* [Work required]
When you reach the line containing "of size N/m^s.\<close>" in the entries below, begin reproducing lines exactly, and stop once the line containing "vec (m ^ k)" is done.

Saved data entries:
┏━━

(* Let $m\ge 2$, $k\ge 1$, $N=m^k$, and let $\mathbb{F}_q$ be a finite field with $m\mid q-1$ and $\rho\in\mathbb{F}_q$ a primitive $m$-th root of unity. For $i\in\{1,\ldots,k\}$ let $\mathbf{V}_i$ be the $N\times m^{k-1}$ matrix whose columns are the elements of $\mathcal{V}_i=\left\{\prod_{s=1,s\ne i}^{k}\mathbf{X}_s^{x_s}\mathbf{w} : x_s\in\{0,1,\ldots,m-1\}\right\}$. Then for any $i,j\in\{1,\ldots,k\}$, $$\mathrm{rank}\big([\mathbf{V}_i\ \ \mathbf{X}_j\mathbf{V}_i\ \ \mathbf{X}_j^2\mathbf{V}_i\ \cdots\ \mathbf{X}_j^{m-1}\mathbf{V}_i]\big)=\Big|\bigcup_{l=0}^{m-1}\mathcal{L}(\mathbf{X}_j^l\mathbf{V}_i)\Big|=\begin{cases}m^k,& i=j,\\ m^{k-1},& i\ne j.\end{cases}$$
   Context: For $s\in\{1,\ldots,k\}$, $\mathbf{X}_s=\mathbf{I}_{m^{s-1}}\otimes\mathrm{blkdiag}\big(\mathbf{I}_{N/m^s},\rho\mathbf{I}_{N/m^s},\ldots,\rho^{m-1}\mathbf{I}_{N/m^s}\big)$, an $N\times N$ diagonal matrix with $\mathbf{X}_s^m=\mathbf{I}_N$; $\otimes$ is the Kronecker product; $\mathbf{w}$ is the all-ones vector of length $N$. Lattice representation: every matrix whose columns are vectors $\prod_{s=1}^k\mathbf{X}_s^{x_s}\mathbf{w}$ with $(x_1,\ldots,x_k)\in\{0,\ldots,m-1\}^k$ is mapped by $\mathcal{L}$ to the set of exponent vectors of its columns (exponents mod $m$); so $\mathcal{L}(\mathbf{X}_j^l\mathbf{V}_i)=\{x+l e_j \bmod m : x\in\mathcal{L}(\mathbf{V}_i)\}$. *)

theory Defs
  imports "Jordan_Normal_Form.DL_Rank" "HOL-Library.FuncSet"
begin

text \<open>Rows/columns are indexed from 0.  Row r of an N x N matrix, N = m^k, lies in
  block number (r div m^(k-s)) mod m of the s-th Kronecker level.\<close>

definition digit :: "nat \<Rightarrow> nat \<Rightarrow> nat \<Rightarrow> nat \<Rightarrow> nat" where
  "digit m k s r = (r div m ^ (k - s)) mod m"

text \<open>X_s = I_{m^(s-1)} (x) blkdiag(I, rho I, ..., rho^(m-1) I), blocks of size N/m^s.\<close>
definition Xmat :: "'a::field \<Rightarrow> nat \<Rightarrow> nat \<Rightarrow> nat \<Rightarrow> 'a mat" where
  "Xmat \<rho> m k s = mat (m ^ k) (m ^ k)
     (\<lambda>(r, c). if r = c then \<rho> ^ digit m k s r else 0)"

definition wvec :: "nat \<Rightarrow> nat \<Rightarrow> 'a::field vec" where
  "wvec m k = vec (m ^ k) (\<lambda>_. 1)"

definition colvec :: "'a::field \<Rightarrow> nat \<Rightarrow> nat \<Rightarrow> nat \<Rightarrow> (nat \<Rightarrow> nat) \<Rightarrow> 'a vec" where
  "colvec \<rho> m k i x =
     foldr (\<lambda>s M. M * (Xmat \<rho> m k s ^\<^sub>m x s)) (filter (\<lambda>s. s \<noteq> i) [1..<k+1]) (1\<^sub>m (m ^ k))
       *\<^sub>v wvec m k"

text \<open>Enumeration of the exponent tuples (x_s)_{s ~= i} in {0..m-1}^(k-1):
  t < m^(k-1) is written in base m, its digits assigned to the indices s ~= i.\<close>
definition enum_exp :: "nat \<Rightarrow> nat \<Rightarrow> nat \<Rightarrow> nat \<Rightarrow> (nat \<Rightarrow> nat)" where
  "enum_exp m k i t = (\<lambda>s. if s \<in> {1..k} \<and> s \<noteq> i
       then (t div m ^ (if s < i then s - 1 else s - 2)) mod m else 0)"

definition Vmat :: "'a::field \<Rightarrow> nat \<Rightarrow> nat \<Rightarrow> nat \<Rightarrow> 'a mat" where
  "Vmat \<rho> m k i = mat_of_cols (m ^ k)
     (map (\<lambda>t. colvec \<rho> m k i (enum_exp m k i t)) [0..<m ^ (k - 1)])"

┗━━
┏━━

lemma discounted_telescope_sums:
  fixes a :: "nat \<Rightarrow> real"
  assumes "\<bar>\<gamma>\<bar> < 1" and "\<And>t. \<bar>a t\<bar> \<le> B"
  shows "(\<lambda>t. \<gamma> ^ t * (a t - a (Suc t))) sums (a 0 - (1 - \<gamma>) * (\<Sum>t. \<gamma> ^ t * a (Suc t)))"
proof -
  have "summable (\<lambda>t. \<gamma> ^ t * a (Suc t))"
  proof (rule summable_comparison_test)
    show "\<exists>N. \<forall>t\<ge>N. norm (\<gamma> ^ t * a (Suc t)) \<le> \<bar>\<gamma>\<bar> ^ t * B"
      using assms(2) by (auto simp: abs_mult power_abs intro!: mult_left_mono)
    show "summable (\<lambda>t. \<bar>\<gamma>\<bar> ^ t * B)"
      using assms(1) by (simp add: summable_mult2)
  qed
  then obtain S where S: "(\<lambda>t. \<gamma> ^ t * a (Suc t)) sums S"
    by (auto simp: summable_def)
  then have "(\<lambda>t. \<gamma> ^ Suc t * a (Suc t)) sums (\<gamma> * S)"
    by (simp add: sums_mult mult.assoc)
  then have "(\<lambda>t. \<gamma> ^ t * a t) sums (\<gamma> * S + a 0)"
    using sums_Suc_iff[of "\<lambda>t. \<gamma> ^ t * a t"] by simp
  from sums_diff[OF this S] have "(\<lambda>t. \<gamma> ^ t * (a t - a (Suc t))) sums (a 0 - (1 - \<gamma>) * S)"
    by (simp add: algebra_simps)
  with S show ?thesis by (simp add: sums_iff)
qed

┗━━

* [Task response]
text \<open>X_s = I_{m^(s-1)} (x) blkdiag(I, rho I, ..., rho^(m-1) I), blocks of size N/m^s.\<close>
definition Xmat :: "'a::field \<Rightarrow> nat \<Rightarrow> nat \<Rightarrow> nat \<Rightarrow> 'a mat" where
  "Xmat \<rho> m k s = mat (m ^ k) (m ^ k)
     (\<lambda>(r, c). if r = c then \<rho> ^ digit m k s r else 0)"

definition wvec :: "nat \<Rightarrow> nat \<Rightarrow> 'a::field vec" where
  "wvec m k = vec (m ^ k) (\<lambda>_. 1)"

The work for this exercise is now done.